Many words in Tarifit have full vowels, and some contrast with triconsonantal words in full vowel ~ schwa minimal pairs (e.g. /qrəb/ ~ /qrib/). What type of full vowel variation is found in a consonantal language, like Tarifit? We will measure acoustic variables, such as the degree of vowel variation in full vowels and schwas, using F1/F2 vowel space position. Amazigh languages are described as “consonantal languages,” meaning that they rely heavily on consonantal contrasts and less on vowel contrasts for lexical distinctions. Thus, we predict that there will be substantial variability across words with full vowels, especially in reduced speech. This could make discriminating between different vowels in Tarifit difficult. In fact, there is little work, to our knowledge, directly investigating the extent of vowel variability in an Amazigh language (and its subsequent influence on perception), though Zellou, Lahrouchi, and Bensoukas (Reference Zellou, Lahrouchi and Bensoukas2024) examine the production and perception of vowelless words in Tashlhiyt, a related language. There is some work suggesting that consonant-to-vowel coarticulation leads to substantial phonetic variation in vowels for languages with a high consonant-to-vowel ratio, like Tarifit (e.g. in Arabic: Embarki et al., Reference Embarki, Guilleminot, Yeou, Al Maqtari, Dodane and Embarki2007; Bouferroum & Boudraa, Reference Bouferroum and Boudraa2015). We explore this directly in the current study by comparing vowel space hyper-articulation for full vowels and schwa in Tarifit across different clarity-oriented speaking styles.

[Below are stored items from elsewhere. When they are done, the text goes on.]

lemma transvections_F8: "list_all root_residue ps \<Longrightarrow> v \<in> F8 \<Longrightarrow> transvections ps v \<in> F8"
  by (induction ps) (auto simp: transvection_F8)

lemma transvections_vadd:
  "list_all root_residue ps \<Longrightarrow> a \<in> F8 \<Longrightarrow> b \<in> F8 \<Longrightarrow>
    transvections ps (vadd a b) = vadd (transvections ps a) (transvections ps b)"
  by (induction ps) (auto simp: transvection_vadd transvections_F8)

lemma q4_transvections: "list_all root_residue ps \<Longrightarrow> v \<in> F8 \<Longrightarrow> q4 (transvections ps v) = q4 v"
  by (induction ps) (auto simp: q4_transvection transvections_F8)

lemma transvections_rev:
  "list_all root_residue ps \<Longrightarrow> v \<in> F8 \<Longrightarrow> transvections (rev ps) (transvections ps v) = v"
  by (induction ps) (auto simp: transvections_append transvection_transvection transvections_F8)

lemma transvections_ones8: "list_all root_residue ps \<Longrightarrow> transvections ps ones8 = ones8"
  by (induction ps) (auto simp: transvection_ones8)

lemma transvections_zero8: "transvections ps zero8 = zero8"
  by (induction ps) (auto simp: transvection_zero8)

Understanding style-conditioned phonetic variation within and across languages is important to address issues of both speaker- and listener-oriented speech patterns (Smiljanić & Bradlow, Reference Smiljanić and Bradlow2005; Zellou et al., Reference Zellou, Lahrouchi and Bensoukas2023). We designed the current phonetic analysis of Tarifit to compare the effect of input- versus output-oriented effects on speech variation.

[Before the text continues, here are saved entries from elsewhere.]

lemma single_valued_subgroup_iff:
  assumes "group E" "group D" "subgroup \<Gamma> (E \<times>\<times> D)"
  shows "single_valued \<Gamma> \<longleftrightarrow> (\<forall>v. (\<one>\<^bsub>E\<^esub>, v) \<in> \<Gamma> \<longrightarrow> v = \<one>\<^bsub>D\<^esub>)"
proof
  assume "single_valued \<Gamma>"
  then show "\<forall>v. (\<one>\<^bsub>E\<^esub>, v) \<in> \<Gamma> \<longrightarrow> v = \<one>\<^bsub>D\<^esub>"
    using subgroup.one_closed[OF assms(3)] by (auto dest: single_valuedD)
next
  interpret E: group E by fact
  interpret D: group D by fact
  assume trivial: "\<forall>v. (\<one>\<^bsub>E\<^esub>, v) \<in> \<Gamma> \<longrightarrow> v = \<one>\<^bsub>D\<^esub>"
  show "single_valued \<Gamma>"
  proof (rule single_valuedI)
    fix x u v assume xu: "(x, u) \<in> \<Gamma>" and xv: "(x, v) \<in> \<Gamma>"
    have c: "x \<in> carrier E" "u \<in> carrier D" "v \<in> carrier D"
      using xu xv subgroup.subset[OF assms(3)] by auto
    have "inv\<^bsub>E \<times>\<times> D\<^esub> (x, u) \<otimes>\<^bsub>E \<times>\<times> D\<^esub> (x, v) \<in> \<Gamma>"
      by (rule subgroup.m_closed[OF assms(3) subgroup.m_inv_closed[OF assms(3) xu] xv])
    then have "(\<one>\<^bsub>E\<^esub>, inv\<^bsub>D\<^esub> u \<otimes>\<^bsub>D\<^esub> v) \<in> \<Gamma>" using c assms(1,2) by simp
    then have "inv\<^bsub>D\<^esub> u \<otimes>\<^bsub>D\<^esub> v = \<one>\<^bsub>D\<^esub>" using trivial by blast
    then have "u \<otimes>\<^bsub>D\<^esub> (inv\<^bsub>D\<^esub> u \<otimes>\<^bsub>D\<^esub> v) = u" using c by simp
    then show "u = v" using c by (simp add: D.m_assoc[symmetric])
  qed
qed

definition hom_graph :: "('e, 'x) monoid_scheme \<Rightarrow> ('d, 'y) monoid_scheme \<Rightarrow> ('e \<times> 'd) set \<Rightarrow> bool" where
  "hom_graph E D \<Gamma> \<longleftrightarrow> subgroup \<Gamma> (E \<times>\<times> D) \<and> single_valued \<Gamma>"

lemma hom_graph_adjoin:
  assumes E: "comm_group E" and D: "comm_group D" and \<Gamma>: "hom_graph E D \<Gamma>"
    and x: "x \<in> carrier E" and y: "y \<in> carrier D"
    and compatible: "\<And>k u. (x [^]\<^bsub>E\<^esub> (k::int), u) \<in> \<Gamma> \<Longrightarrow> u = y [^]\<^bsub>D\<^esub> k"
  shows "hom_graph E D (\<Gamma> <#>\<^bsub>E \<times>\<times> D\<^esub> generate (E \<times>\<times> D) {(x, y)})"
proof -
  interpret E: comm_group E by fact
  interpret D: comm_group D by fact
  interpret P: comm_group "E \<times>\<times> D" using DirProd_comm_group[OF E D] .
  have sub: "subgroup \<Gamma> (E \<times>\<times> D)" using \<Gamma> unfolding hom_graph_def by blast
  note gen = generate_DirProd_singleton[OF E.is_group D.is_group x y]
  let ?\<Gamma>' = "\<Gamma> <#>\<^bsub>E \<times>\<times> D\<^esub> generate (E \<times>\<times> D) {(x, y)}"
  have "{(x, y)} \<subseteq> carrier (E \<times>\<times> D)" using x y by simp
  then have sub': "subgroup ?\<Gamma>' (E \<times>\<times> D)"
    by (rule P.mult_subgroups[OF sub P.generate_is_subgroup])
  moreover have "v = \<one>\<^bsub>D\<^esub>" if mem: "(\<one>\<^bsub>E\<^esub>, v) \<in> ?\<Gamma>'" for v
  proof -
    obtain \<gamma> g where \<gamma>: "\<gamma> \<in> \<Gamma>" and "g \<in> generate (E \<times>\<times> D) {(x, y)}"
      and v: "(\<one>\<^bsub>E\<^esub>, v) = \<gamma> \<otimes>\<^bsub>E \<times>\<times> D\<^esub> g"
      using mem unfolding set_mult_def by blast
    obtain s u where su': "\<gamma> = (s, u)" by (cases \<gamma>)
    obtain k where g: "g = (x [^]\<^bsub>E\<^esub> (k::int), y [^]\<^bsub>D\<^esub> k)"
      using \<open>g \<in> generate (E \<times>\<times> D) {(x, y)}\<close> unfolding gen by blast
    have su: "(s, u) \<in> \<Gamma>" using \<gamma> unfolding su' .
    have "(\<one>\<^bsub>E\<^esub>, v) = (s \<otimes>\<^bsub>E\<^esub> x [^]\<^bsub>E\<^esub> k, u \<otimes>\<^bsub>D\<^esub> y [^]\<^bsub>D\<^esub> k)"
      using v unfolding su' g mult_DirProd .
    then have eq: "s \<otimes>\<^bsub>E\<^esub> x [^]\<^bsub>E\<^esub> k = \<one>\<^bsub>E\<^esub>" "v = u \<otimes>\<^bsub>D\<^esub> y [^]\<^bsub>D\<^esub> k"
      by (metis Pair_inject)+
    have c: "s \<in> carrier E" "u \<in> carrier D" using su subgroup.subset[OF sub] by auto
    have "x [^]\<^bsub>E\<^esub> k \<otimes>\<^bsub>E\<^esub> s = \<one>\<^bsub>E\<^esub>" using eq(1) c x by (simp add: E.m_comm)
    then have "inv\<^bsub>E\<^esub> s = x [^]\<^bsub>E\<^esub> k" by (rule E.inv_equality[OF _ c(1) E.int_pow_closed[OF x]])
    moreover have "inv\<^bsub>E \<times>\<times> D\<^esub> (s, u) \<in> \<Gamma>" using subgroup.m_inv_closed[OF sub su] .
    ultimately have "(x [^]\<^bsub>E\<^esub> k, inv\<^bsub>D\<^esub> u) \<in> \<Gamma>" using inv_DirProd[OF E.is_group D.is_group c] by simp
    then have "y [^]\<^bsub>D\<^esub> k = inv\<^bsub>D\<^esub> u" by (rule compatible[symmetric])
    then show ?thesis using eq(2) c by simp
  qed
  ultimately show ?thesis
    unfolding hom_graph_def single_valued_subgroup_iff[OF E.is_group D.is_group sub'] by blast
qed

lemma hom_graph_compatible_root:
  assumes E: "comm_group E" and D: "comm_group D" "divisible_group D" and \<Gamma>: "hom_graph E D \<Gamma>"
    and x: "x \<in> carrier E"
  obtains y where "y \<in> carrier D" "\<And>k u. (x [^]\<^bsub>E\<^esub> (k::int), u) \<in> \<Gamma> \<Longrightarrow> u = y [^]\<^bsub>D\<^esub> k"
proof -
  interpret E: comm_group E by fact
  interpret D: comm_group D by fact
  have sub: "subgroup \<Gamma> (E \<times>\<times> D)" and sv: "single_valued \<Gamma>" using \<Gamma> unfolding hom_graph_def by auto
  have "group_hom (E \<times>\<times> D) E fst"
    by (rule group_hom.intro[OF DirProd_group[OF E.is_group D.is_group] E.is_group])
       (rule group_hom_axioms.intro[OF hom_fst_DirProd])
  then have "subgroup (fst ` \<Gamma>) E" by (rule group_hom.subgroup_img_is_subgroup[OF _ sub])
  then have "fst ` \<Gamma> \<lhd> E" by (rule E.subgroup_imp_normal)
  then obtain n :: nat where n: "\<And>k::int. x [^]\<^bsub>E\<^esub> k \<in> fst ` \<Gamma> \<longleftrightarrow> int n dvd k"
    using normal.int_pow_mem_iff_dvd_ord[OF _ x] by blast
  have "x [^]\<^bsub>E\<^esub> int n \<in> fst ` \<Gamma>" using n by simp
  then obtain u\<^sub>n where un: "(x [^]\<^bsub>E\<^esub> int n, u\<^sub>n) \<in> \<Gamma>" by auto
  then have unc: "u\<^sub>n \<in> carrier D" using subgroup.subset[OF sub] by auto
  obtain y where y: "y \<in> carrier D" "y [^]\<^bsub>D\<^esub> n = u\<^sub>n"
  proof (cases "n = 0")
    case True
    then show ?thesis
      using that[of "\<one>\<^bsub>D\<^esub>"] un single_valued_subgroup_iff[OF E.is_group D.is_group sub] sv by simp
  next
    case False
    then have "\<exists>y\<in>carrier D. y [^]\<^bsub>D\<^esub> n = u\<^sub>n"
      using D(2) unc unfolding divisible_group_def by simp
    then show ?thesis using that by blast
  qed
  have "u = y [^]\<^bsub>D\<^esub> k" if xu: "(x [^]\<^bsub>E\<^esub> (k::int), u) \<in> \<Gamma>" for k u
  proof -
    have "x [^]\<^bsub>E\<^esub> k \<in> fst ` \<Gamma>" using xu by (metis fst_conv image_eqI)
    then obtain m where k: "k = int n * m" using n by (auto elim: dvdE)
    have "(x [^]\<^bsub>E\<^esub> int n, u\<^sub>n) [^]\<^bsub>E \<times>\<times> D\<^esub> m \<in> \<Gamma>"
      using group.subgroup_int_pow_closed[OF DirProd_group[OF E.is_group D.is_group] sub un] .
    also have "(x [^]\<^bsub>E\<^esub> int n, u\<^sub>n) [^]\<^bsub>E \<times>\<times> D\<^esub> m = ((x [^]\<^bsub>E\<^esub> int n) [^]\<^bsub>E\<^esub> m, (y [^]\<^bsub>D\<^esub> int n) [^]\<^bsub>D\<^esub> m)"
      using DirProd_int_pow[OF E.is_group D.is_group _ unc] x by (simp add: int_pow_int y(2))
    also have "\<dots> = (x [^]\<^bsub>E\<^esub> k, y [^]\<^bsub>D\<^esub> k)"
      using x y(1) by (simp add: k E.int_pow_pow D.int_pow_pow)
    finally have "(x [^]\<^bsub>E\<^esub> k, y [^]\<^bsub>D\<^esub> k) \<in> \<Gamma>" .
    then show ?thesis using xu sv by (auto dest: single_valuedD)
  qed
  then show ?thesis using that y by blast
qed

lemma hom_graph_of_hom:
  assumes E: "group E" and D: "group D" and A: "subgroup A E" and \<phi>: "\<phi> \<in> hom (E\<lparr>carrier := A\<rparr>) D"
  shows "hom_graph E D ((\<lambda>a. (a, \<phi> a)) ` A)"
proof -
  have "group_hom (E\<lparr>carrier := A\<rparr>) (E \<times>\<times> D) (\<lambda>a. (a, \<phi> a))"
  proof (rule group_hom.intro[OF subgroup.subgroup_is_group[OF A E] DirProd_group[OF E D]])
    show "group_hom_axioms (E\<lparr>carrier := A\<rparr>) (E \<times>\<times> D) (\<lambda>a. (a, \<phi> a))"
      using \<phi> subgroup.subset[OF A] by (auto intro!: group_hom_axioms.intro simp: hom_def)
  qed
  then have "subgroup ((\<lambda>a. (a, \<phi> a)) ` A) (E \<times>\<times> D)"
    using group_hom.img_is_subgroup by fastforce
  then show ?thesis unfolding hom_graph_def by (auto intro: single_valuedI)
qed

lemma hom_graph_Zorn:
  assumes \<Gamma>\<^sub>0: "hom_graph E D \<Gamma>\<^sub>0"
  obtains M where "hom_graph E D M" "\<Gamma>\<^sub>0 \<subseteq> M" "\<And>\<Gamma>. hom_graph E D \<Gamma> \<Longrightarrow> M \<subseteq> \<Gamma> \<Longrightarrow> \<Gamma> = M"
proof -
  define \<G> where "\<G> = {\<Gamma>. hom_graph E D \<Gamma> \<and> \<Gamma>\<^sub>0 \<subseteq> \<Gamma>}"
  have "\<exists>M\<in>\<G>. \<forall>\<Gamma>\<in>\<G>. M \<subseteq> \<Gamma> \<longrightarrow> \<Gamma> = M"
  proof (rule subset_Zorn)
    fix C assume "subset.chain \<G> C"
    then have C: "\<And>\<Gamma>. \<Gamma> \<in> C \<Longrightarrow> hom_graph E D \<Gamma> \<and> \<Gamma>\<^sub>0 \<subseteq> \<Gamma>"
      and chain: "\<And>\<Gamma> \<Delta>. \<Gamma> \<in> C \<Longrightarrow> \<Delta> \<in> C \<Longrightarrow> \<Gamma> \<subseteq> \<Delta> \<or> \<Delta> \<subseteq> \<Gamma>"
      unfolding subset_chain_def \<G>_def by auto
    show "\<exists>U\<in>\<G>. \<forall>\<Gamma>\<in>C. \<Gamma> \<subseteq> U"
    proof (cases "C = {}")
      case True
      then show ?thesis using \<Gamma>\<^sub>0 unfolding \<G>_def by blast
    next
      case False
      have "subgroup (\<Union>C) (E \<times>\<times> D)"
        by (rule subgroup_Union_chain[OF _ chain False]) (use C in \<open>simp add: hom_graph_def\<close>)
      moreover have "single_valued (\<Union>C)"
        by (rule single_valued_Union_chain[OF _ chain]) (use C in \<open>simp add: hom_graph_def\<close>)
      moreover have "\<Gamma>\<^sub>0 \<subseteq> \<Union>C" using C False by blast
      ultimately show ?thesis unfolding \<G>_def hom_graph_def by blast
    qed
  qed
  then show thesis using that unfolding \<G>_def by (metis (mono_tags, lifting) mem_Collect_eq order_trans)
qed

lemma maximal_hom_graph_total:
  assumes E: "comm_group E" and D: "comm_group D" "divisible_group D" and M: "hom_graph E D M"
    and maximal: "\<And>\<Gamma>. hom_graph E D \<Gamma> \<Longrightarrow> M \<subseteq> \<Gamma> \<Longrightarrow> \<Gamma> = M"
    and z: "z \<in> carrier E"
  shows "z \<in> Domain M"
proof -
  interpret E: comm_group E by fact
  interpret D: comm_group D by (rule D(1))
  have sub: "subgroup M (E \<times>\<times> D)" using M unfolding hom_graph_def by auto
  obtain y where y: "y \<in> carrier D" and compatible: "\<And>k u. (z [^]\<^bsub>E\<^esub> (k::int), u) \<in> M \<Longrightarrow> u = y [^]\<^bsub>D\<^esub> k"
    using hom_graph_compatible_root[OF E D M z] by blast
  define M' where "M' = M <#>\<^bsub>E \<times>\<times> D\<^esub> generate (E \<times>\<times> D) {(z, y)}"
  have M': "hom_graph E D M'" unfolding M'_def by (rule hom_graph_adjoin[OF E D(1) M z y compatible])
  have one: "\<one>\<^bsub>E \<times>\<times> D\<^esub> \<in> generate (E \<times>\<times> D) {(z, y)}" by (rule generate.one)
  have gen: "(z, y) \<in> generate (E \<times>\<times> D) {(z, y)}" by (rule generate.incl) simp
  have "M \<subseteq> M'"
  proof
    fix p assume p: "p \<in> M"
    then have "p = p \<otimes>\<^bsub>E \<times>\<times> D\<^esub> \<one>\<^bsub>E \<times>\<times> D\<^esub>"
      using subgroup.subset[OF sub] by (cases p) auto
    then show "p \<in> M'" unfolding M'_def set_mult_def using p one by blast
  qed
  then have "M' = M" by (rule maximal[OF M'])
  moreover have "(z, y) = \<one>\<^bsub>E \<times>\<times> D\<^esub> \<otimes>\<^bsub>E \<times>\<times> D\<^esub> (z, y)" using z y by simp
  then have "(z, y) \<in> M'"
    unfolding M'_def set_mult_def using subgroup.one_closed[OF sub] gen by blast
  ultimately show ?thesis by (metis DomainI)
qed

lemma the_single_valued:
  assumes "single_valued r" "(x, y) \<in> r"
  shows "(THE y. (x, y) \<in> r) = y"
  using assms by (auto dest: single_valuedD)

lemma total_hom_graph_hom:
  assumes M: "hom_graph E D M" and total: "\<And>z. z \<in> carrier E \<Longrightarrow> z \<in> Domain M"
  obtains \<psi> where "\<psi> \<in> hom E D" "\<And>z u. (z, u) \<in> M \<Longrightarrow> \<psi> z = u"
proof -
  have sub: "subgroup M (E \<times>\<times> D)" and sv: "single_valued M" using M unfolding hom_graph_def by auto
  define \<psi> where "\<psi> z = (THE u. (z, u) \<in> M)" for z
  have \<psi>_eq: "\<psi> z = u" if "(z, u) \<in> M" for z u
    unfolding \<psi>_def by (rule the_single_valued[OF sv that])
  have graph: "(z, \<psi> z) \<in> M" if "z \<in> carrier E" for z
    using total[OF that] \<psi>_eq by (metis DomainE)
  have "\<psi> \<in> hom E D"
  proof (rule homI)
    fix z assume "z \<in> carrier E"
    then show "\<psi> z \<in> carrier D" using graph subgroup.subset[OF sub] by auto
  next
    fix z w assume "z \<in> carrier E" "w \<in> carrier E"
    then have "(z, \<psi> z) \<otimes>\<^bsub>E \<times>\<times> D\<^esub> (w, \<psi> w) \<in> M"
      by (intro subgroup.m_closed[OF sub] graph)
    then show "\<psi> (z \<otimes>\<^bsub>E\<^esub> w) = \<psi> z \<otimes>\<^bsub>D\<^esub> \<psi> w" by (simp add: \<psi>_eq)
  qed
  then show thesis using that \<psi>_eq by blast
qed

3.1.2 Theoretical Issues Related to Schwa in Tarifit
A second major theoretical concern we address is what types of patterns of phonetic variation of schwa occur with the production of triconsonantal roots in Tarifit, an Afroasiatic language with a non-concatenative morphological system. Crosslinguistically, non-concatenative morphological systems are rare. In non-concatenative morphology, it is proposed that words are derived using three types of morphemes: a consonantal root, a vocalic melody, and a prosodic template for how the segments are organized into CV structures (McCarthy, Reference McCarthy1981). For example, Classical Arabic triconsonantal stems /k-t-b/ are derived via vowel-and-prosodic template patterns: for instance, /kataba/ ‘he wrote’, /kattaba/ ‘he caused to write’, /kitaab/ ‘a book’. Tarifit has a non-concatenative morphological system with its own unique properties, so triconsonantal verb stems do not have full-vowel vocalic melodies and surface with a schwa: /χdm/ ‘to work’, [χðəm] ‘work!’. Thus, triconsonantal verb stems in Tarifit have root-and-template morphological alterations that do not involve a full-vowel vocalic melody. We will look at the phonetic variation associated with these words. In particular, we ask how schwa is realized in production and perception in Tarifit, for words containing triconsonantal roots and a schwa-based vocalic melody; here, we examine the CCəC prosodic template pattern associated with the simple imperative form of the verb. For instance, is there variation in the production of triconsonantal roots that take the CCəC prosodic template? Are there words that have variable phonetic shapes? Is schwa the same length in all words? Do some words have more or fewer schwas? We focus on words with CCəC structure as a starting point to understand the nature and distribution of schwa in Tarifit.
In the next sections, we motivate the study of two issues related to schwa. First, we look at issues related to variable schwas that are present in the initial consonant clusters in CCəC words. These schwas are not always present, according to our initial investigation. Sometimes, CCəC words are pronounced like [Cə̆CəC], with a shorter schwa/“vocoid” element between C1 and C2. In Section 3.1.2.1, we explore what phonological factors might predict when this C1ə̆C2 schwa surfaces. In particular, we predict, based on crosslinguistic studies of vowel intrusion and epenthesis, that C1ə̆C2 is driven by issues related to sonority and syllable structuring features of these words in Tarifit. Speaking style might also play a role in the presence and realization of this vowel, so we examine that as a factor as well.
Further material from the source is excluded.